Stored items
----

lemma maximizers_even_bimodal:
  fixes f :: "real \<Rightarrow> real"
  assumes even: "\<And>x. f (- x) = f x"
    and inc: "strict_mono_on {0..p} f" and dec: "strict_antimono_on {p..1} f"
    and "0 < p" "p < 1"
  shows "{x. local_maximizer f x} = {p, - p}" "{x. global_maximizer f x} = {p, - p}"
proof -
  have dec': "strict_antimono_on {-p..0} f" using strict_antimono_on_reflect[OF even inc] by simp
  have inc': "strict_mono_on {-1..-p} f" using strict_mono_on_reflect[OF even dec] .
  have local_iff: "local_maximizer f x \<longleftrightarrow> x = p \<or> x = - p" for x
  proof
    assume "local_maximizer f x"
    moreover have "x \<in> {-1..1}" using calculation unfolding local_maximizer_def by simp
    ultimately show "x = p \<or> x = - p"
      using not_local_maximizer_if_strict_mono_on[OF inc', of x]
        not_local_maximizer_if_strict_antimono_on[OF dec', of x]
        not_local_maximizer_if_strict_mono_on[OF inc, of x]
        not_local_maximizer_if_strict_antimono_on[OF dec, of x] assms(4,5)
      by (cases x "- p" rule: linorder_cases; cases x "0::real" rule: linorder_cases;
          cases x p rule: linorder_cases) auto
  qed (use local_maximizer_if_peak[OF inc dec] local_maximizer_if_peak[OF inc' dec'] assms(4,5) in auto)
  have "f x \<le> f p" if "x \<in> {0..1}" for x
    using that le_right_end_if_strict_mono_on[OF inc, of x] le_left_end_if_strict_antimono_on[OF dec, of x]
    by (cases "x \<le> p") auto
  note le_on_nonneg = this
  have "f x \<le> f p" if "x \<in> {-1..1}" for x
    using that le_on_nonneg[of x] le_on_nonneg[of "- x"] even[of x] by (cases "0 \<le> x") auto
  then have "global_maximizer f p"
    unfolding global_maximizer_def using assms(4,5) by auto
  then have "global_maximizer f x \<longleftrightarrow> x = p \<or> x = - p" for x
    using global_maximizer_reflect[of f, OF even] local_iff local_maximizer_if_global_maximizer by fastforce
  then show "{x. local_maximizer f x} = {p, - p}" "{x. global_maximizer f x} = {p, - p}"
    using local_iff by auto
qed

----

**TRY IT**
An exact copy of every entry above is the expected answer.

**SOLUTION FOR THIS PROBLEM**
lemma maximizers_even_bimodal:
  fixes f :: "real \<Rightarrow> real"
  assumes even: "\<And>x. f (- x) = f x"
    and inc: "strict_mono_on {0..p} f" and dec: "strict_antimono_on {p..1} f"
    and "0 < p" "p < 1"
  shows "{x. local_maximizer f x} = {p, - p}" "{x. global_maximizer f x} = {p, - p}"
proof -
  have dec': "strict_antimono_on {-p..0} f" using strict_antimono_on_reflect[OF even inc] by simp
  have inc': "strict_mono_on {-1..-p} f" using strict_mono_on_reflect[OF even dec] .
  have local_iff: "local_maximizer f x \<longleftrightarrow> x = p \<or> x = - p" for x
  proof
    assume "local_maximizer f x"
    moreover have "x \<in> {-1..1}" using calculation unfolding local_maximizer_def by simp
    ultimately show "x = p \<or> x = - p"
      using not_local_maximizer_if_strict_mono_on[OF inc', of x]
        not_local_maximizer_if_strict_antimono_on[OF dec', of x]
        not_local_maximizer_if_strict_mono_on[OF inc, of x]
        not_local_maximizer_if_strict_antimono_on[OF dec, of x] assms(4,5)
      by (cases x "- p" rule: linorder_cases; cases x "0::real" rule: linorder_cases;
          cases x p rule: linorder_cases) auto
  qed (use local_maximizer_if_peak[OF inc dec] local_maximizer_if_peak[OF inc' dec'] assms(4,5) in auto)
  have "f x \<le> f p" if "x \<in> {0..1}" for x
    using that le_right_end_if_strict_mono_on[OF inc, of x] le_left_end_if_strict_antimono_on[OF dec, of x]
    by (cases "x \<le> p") auto
  note le_on_nonneg = this
  have "f x \<le> f p" if "x \<in> {-1..1}" for x
    using that le_on_nonneg[of x] le_on_nonneg[of "- x"] even[of x] by (cases "0 \<le> x") auto
  then have "global_maximizer f p"
    unfolding global_maximizer_def using assms(4,5) by auto
  then have "global_maximizer f x \<longleftrightarrow> x = p \<or> x = - p" for x
    using global_maximizer_reflect[of f, OF even] local_iff local_maximizer_if_global_maximizer by fastforce
  then show "{x. local_maximizer f x} = {p, - p}" "{x. global_maximizer f x} = {p, - p}"
    using local_iff by auto
qed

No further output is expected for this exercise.